§ Exercise input

lemma alg_eta_mult_alg_gamma_eq: "alg_eta \<alpha> m n T * alg_gamma n T = E"
proof (rule alg_eta_mult_alg_gamma)
  have "J 1 \<in> {1..n}"
    using run horizon_bounds(1) by (simp add: alg1_run_def)
  then show "1 \<le> n" by simp
qed (use horizon_bounds(1) in simp)

lemma initial_weight: "j \<in> {1..m} \<Longrightarrow> w 1 j = 1 / m"
  using run by (simp add: alg1_run_def)

lemma weight_simplex:
  assumes "t \<in> {1..Suc T}"
  shows "\<And>j. j \<in> {1..m} \<Longrightarrow> 0 < w t j" and "sum (w t) {1..m} = 1"
proof -
  have "(\<forall>j\<in>{1..m}. 0 < w t j) \<and> sum (w t) {1..m} = 1"
  proof (cases "t = 1")
    case True
    then show ?thesis
      using initial_weight m_pos by simp
  next
    case False
    then have "t - 1 \<in> {1..T}" "t = Suc (t - 1)"
      using assms by auto
    then show ?thesis
      using run unfolding alg1_run_def in_simplex_def by metis
  qed
  then show "\<And>j. j \<in> {1..m} \<Longrightarrow> 0 < w t j" "sum (w t) {1..m} = 1"
    by auto
qed

lemma weight_le_one: "t \<in> {1..Suc T} \<Longrightarrow> j \<in> {1..m} \<Longrightarrow> w t j \<le> 1"
  using simplex_member_le_one[of "{1..m}" "w t" j] weight_simplex[of t] by (auto simp: less_imp_le)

§ What to do
Search the data for "auto". Copy every matching line.

§ Result of the exercise
      using assms by auto
    by auto
  using simplex_member_le_one[of "{1..m}" "w t" j] weight_simplex[of t] by (auto simp: less_imp_le)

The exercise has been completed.